§ **What needs to be done**:
Only the lines holding "auto" are wanted here; copy each from the listing.

___

lemma two_sum_degU_le:
  "2 * (\<Sum>x\<in>W. degU x) \<le> int (card W) * int (card U) - low_count * (int (card U) - 2)"
proof -
  have "2 * (\<Sum>x\<in>W. degU x) = (\<Sum>x\<in>W. degU x + degU (p x))"
    using sum.reindex_bij_betw[OF bij_partner_W, of degU] by (simp add: sum.distrib)
  also have "\<dots> \<le> (\<Sum>x\<in>W. int (card U) - of_bool (low_pair x) * (int (card U) - 2))"
    by (intro sum_mono degU_pair_le)
  also have "\<dots> = int (card W) * int (card U) - low_count * (int (card U) - 2)"
    unfolding low_count_def by (simp add: sum_subtractf sum_distrib_right[symmetric] del: sum_of_bool_eq)
  finally show ?thesis .
qed

lemma four_sum_neg_degree_le:
  assumes "2 * card W + 6 \<le> 4 * card U"
  shows "4 * (\<Sum>x<N. neg_degree \<sigma> {..<N} x)
    \<le> 4 * int (card W) * int N - 2 * int (card W) - int (card W) ^ 2"
proof -
  have "low_count \<ge> 0" unfolding low_count_def by (simp add: sum_nonneg)
  with assms have "low_count * (2 * int (card W) + 6 - 4 * int (card U)) \<le> 0"
    by (simp add: mult_nonneg_nonpos)
  moreover have "int N = int (card W) + int (card U)"
    using card_neg_matched_pos_matched[of \<sigma> N p] by simp
  ultimately show ?thesis
    using four_sum_neg_degree_W_le two_sum_degU_le
    unfolding sum_neg_degree_lessThan by (simp add: algebra_simps power2_eq_square)
qed

lemma four_sum_sign_ge:
  assumes signs: "\<forall>e\<in>complete_edges N. \<sigma> e \<in> {-1, 1}"
    and few: "6 * neg_count \<sigma> N p + 6 \<le> 4 * N"
  shows "4 * (\<Sum>e\<in>complete_edges N. \<sigma> e) \<ge> 2 * int N * (int N - 1)
    - 4 * int (neg_count \<sigma> N p) * int N + 2 * int (neg_count \<sigma> N p) + int (neg_count \<sigma> N p) ^ 2"
proof -
  have "card W + card U = N" by (rule card_neg_matched_pos_matched)
  with few have "2 * card W + 6 \<le> 4 * card U" unfolding neg_count_def by linarith
  from four_sum_neg_degree_le[OF this] sum_complete_edges[OF signs]
  show ?thesis unfolding neg_count_def by linarith
qed
(* Let $G$ be an interval graph and let $[C_1,\ldots,C_t]$ be a consecutive clique arrangement of $G$. For a vertex $v$ let $r(v)=\max\{i : v\in C_i\}$, and order the vertices of $C_1$ by nondecreasing $r(v)$ (ties broken arbitrarily). Then there exists a triangle packing of $G$ of maximum cardinality in which every vertex of $C_1$ is covered by some triangle, except possibly the first vertex, or the first two vertices, of $C_1$ in this ordering; that is, the set of uncovered vertices of $C_1$ is an initial segment of the ordering of length at most $2$.
   Context: A graph is an interval graph if it is the intersection graph of a finite collection of intervals on the real line. A consecutive clique arrangement of a graph $G$ is a linear ordering $[C_1,\ldots,C_t]$ of all maximal cliques of $G$ such that for each vertex $v$, the cliques containing $v$ are consecutive in the ordering. A triangle packing is a collection of pairwise vertex-disjoint triangles; a vertex is covered if it lies in one of these triangles. *)

theory Defs
  imports Complex_Main
begin

definition simple_graph :: "'a set \<Rightarrow> ('a \<Rightarrow> 'a \<Rightarrow> bool) \<Rightarrow> bool" where
  "simple_graph V E \<longleftrightarrow> finite V \<and> (\<forall>u v. E u v \<longrightarrow> u \<in> V \<and> v \<in> V)
     \<and> (\<forall>u v. E u v \<longrightarrow> E v u) \<and> (\<forall>v. \<not> E v v)"

definition interval_graph :: "'a set \<Rightarrow> ('a \<Rightarrow> 'a \<Rightarrow> bool) \<Rightarrow> bool" where
  "interval_graph V E \<longleftrightarrow> simple_graph V E \<and>
     (\<exists>l r :: 'a \<Rightarrow> real. (\<forall>v\<in>V. l v \<le> r v) \<and>
        (\<forall>u\<in>V. \<forall>v\<in>V. u \<noteq> v \<longrightarrow> (E u v \<longleftrightarrow> {l u..r u} \<inter> {l v..r v} \<noteq> {})))"
section \<open>Evaluation (parameterized by T threads per block, B blocks per grid)\<close>

inductive eval :: "nat \<Rightarrow> nat \<Rightarrow> 'c mem \<Rightarrow> 'c mem \<Rightarrow> 'c mem \<Rightarrow> persp \<Rightarrow> persp \<Rightarrow> exp \<Rightarrow> 'c val \<Rightarrow> bool"
  for T B \<eta> \<sigma> \<Sigma> where
  ev_pid: "\<lbrakk> pless \<pi> (Grid, 1); pleq \<pi>' \<pi> \<rbrakk>
           \<Longrightarrow> eval T B \<eta> \<sigma> \<Sigma> \<pi> \<pi>' EPid (VInt (int (pdiv T B \<pi> \<pi>') - 1))"
| ev_var: "get \<eta> \<sigma> \<Sigma> x = Some v \<Longrightarrow> eval T B \<eta> \<sigma> \<Sigma> \<pi> \<pi>' (EVar x) v"
| ev_idx: "\<lbrakk> eval T B \<eta> \<sigma> \<Sigma> \<pi> \<pi>' e1 (VArr l n); eval T B \<eta> \<sigma> \<Sigma> \<pi> \<pi>' e2 (VInt i);
            i < int n; pleq \<pi>' \<pi>; get \<eta> \<sigma> \<Sigma> (l + i) = Some v \<rbrakk>
           \<Longrightarrow> eval T B \<eta> \<sigma> \<Sigma> \<pi> \<pi>' (EIdx e1 e2) v"
| ev_int: "eval T B \<eta> \<sigma> \<Sigma> \<pi> \<pi>' (EInt n) (VInt n)"
| ev_float: "eval T B \<eta> \<sigma> \<Sigma> \<pi> \<pi>' (EFloat f) (VFloat f)"
| ev_bool: "eval T B \<eta> \<sigma> \<Sigma> \<pi> \<pi>' (EBool b) (VBool b)"
| ev_bop: "\<lbrakk> eval T B \<eta> \<sigma> \<Sigma> \<pi> \<pi>' e1 (VInt a); eval T B \<eta> \<sigma> \<Sigma> \<pi> \<pi>' e2 (VInt b) \<rbrakk>
           \<Longrightarrow> eval T B \<eta> \<sigma> \<Sigma> \<pi> \<pi>' (EBop f e1 e2) (VInt (f a b))"
| ev_cmp: "\<lbrakk> eval T B \<eta> \<sigma> \<Sigma> \<pi> \<pi>' e1 (VInt a); eval T B \<eta> \<sigma> \<Sigma> \<pi> \<pi>' e2 (VInt b) \<rbrakk>
           \<Longrightarrow> eval T B \<eta> \<sigma> \<Sigma> \<pi> \<pi>' (ECmp c e1 e2) (VBool (c a b))"

fun subexps :: "exp \<Rightarrow> exp set" where
  "subexps (EIdx e1 e2) = insert (EIdx e1 e2) (subexps e1 \<union> subexps e2)"
| "subexps (EBop f e1 e2) = insert (EBop f e1 e2) (subexps e1 \<union> subexps e2)"
| "subexps (ECmp c e1 e2) = insert (ECmp c e1 e2) (subexps e1 \<union> subexps e2)"
| "subexps e = {e}"

text \<open>Every subexpression is evaluated at the same perspectives, so this quantifies over all
  array accesses occurring during evaluation.\<close>
definition in_bounds :: "nat \<Rightarrow> nat \<Rightarrow> 'c mem \<Rightarrow> 'c mem \<Rightarrow> 'c mem \<Rightarrow> persp \<Rightarrow> persp \<Rightarrow> exp \<Rightarrow> bool" where
  "in_bounds T B \<eta> \<sigma> \<Sigma> \<pi> \<pi>' e =
     (\<forall>e1 e2 l n i. EIdx e1 e2 \<in> subexps e \<longrightarrow>
        eval T B \<eta> \<sigma> \<Sigma> \<pi> \<pi>' e1 (VArr l n) \<longrightarrow>
        eval T B \<eta> \<sigma> \<Sigma> \<pi> \<pi>' e2 (VInt i) \<longrightarrow> 0 \<le> i \<and> i < int n)"

end

theory Submission
  imports Defs
begin

text \<open>A variable is typed by the environment typing, which puts
  it into exactly one of the three disjoint memories, so the lookup through all three memories
  finds the typed value. An array access reads a cell of an array value whose type, by induction,
  guarantees a value of the element type at every in-bounds index; the in-bounds hypothesis
  supplies the missing lower bound on the index.\<close>

lemma env_ty_get_vty:
  assumes mem: "memories_ok \<eta> \<sigma> \<Sigma>" and env: "env_ty ctyp \<Gamma> \<eta> \<sigma> \<Sigma>"
    and bound: "(x, \<rho>, \<tau>) \<in> set \<Gamma>" and lookup: "get \<eta> \<sigma> \<Sigma> x = Some v"
  shows "vty ctyp \<eta> \<sigma> \<Sigma> v \<tau>"
proof -
  have disj: "\<eta> x = None \<or> \<sigma> x = None" "\<eta> x = None \<or> \<Sigma> x = None"
    "\<sigma> x = None \<or> \<Sigma> x = None"
    using mem unfolding memories_ok_def by auto
  have stored: "case \<tau> of TArr _ Shared \<Rightarrow> \<exists>w. \<sigma> x = Some (\<rho>, w) \<and> vty ctyp \<eta> \<sigma> \<Sigma> w \<tau>
    | TArr _ Global \<Rightarrow> \<exists>w. \<Sigma> x = Some (\<rho>, w) \<and> vty ctyp \<eta> \<sigma> \<Sigma> w \<tau>
    | TFun _ _ _ \<Rightarrow> \<exists>w. \<Sigma> x = Some (\<rho>, w) \<and> vty ctyp \<eta> \<sigma> \<Sigma> w \<tau>
    | TAsync _ \<Rightarrow> False
    | _ \<Rightarrow> \<exists>w. \<eta> x = Some (\<rho>, w) \<and> vty ctyp \<eta> \<sigma> \<Sigma> w \<tau>"
    using env bound unfolding env_ty_def by (fastforce split: ty.split memkind.split)
  show ?thesis
  proof (cases \<tau>)
    case (TArr \<beta> k)
    with stored lookup disj show ?thesis
      by (cases k) (auto simp: get_def split: option.splits)
  qed (use stored lookup disj in \<open>auto simp: get_def split: option.splits\<close>)
qed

___

§ **Reply**:
    using mem unfolding memories_ok_def by auto
      by (cases k) (auto simp: get_def split: option.splits)
  qed (use stored lookup disj in \<open>auto simp: get_def split: option.splits\<close>)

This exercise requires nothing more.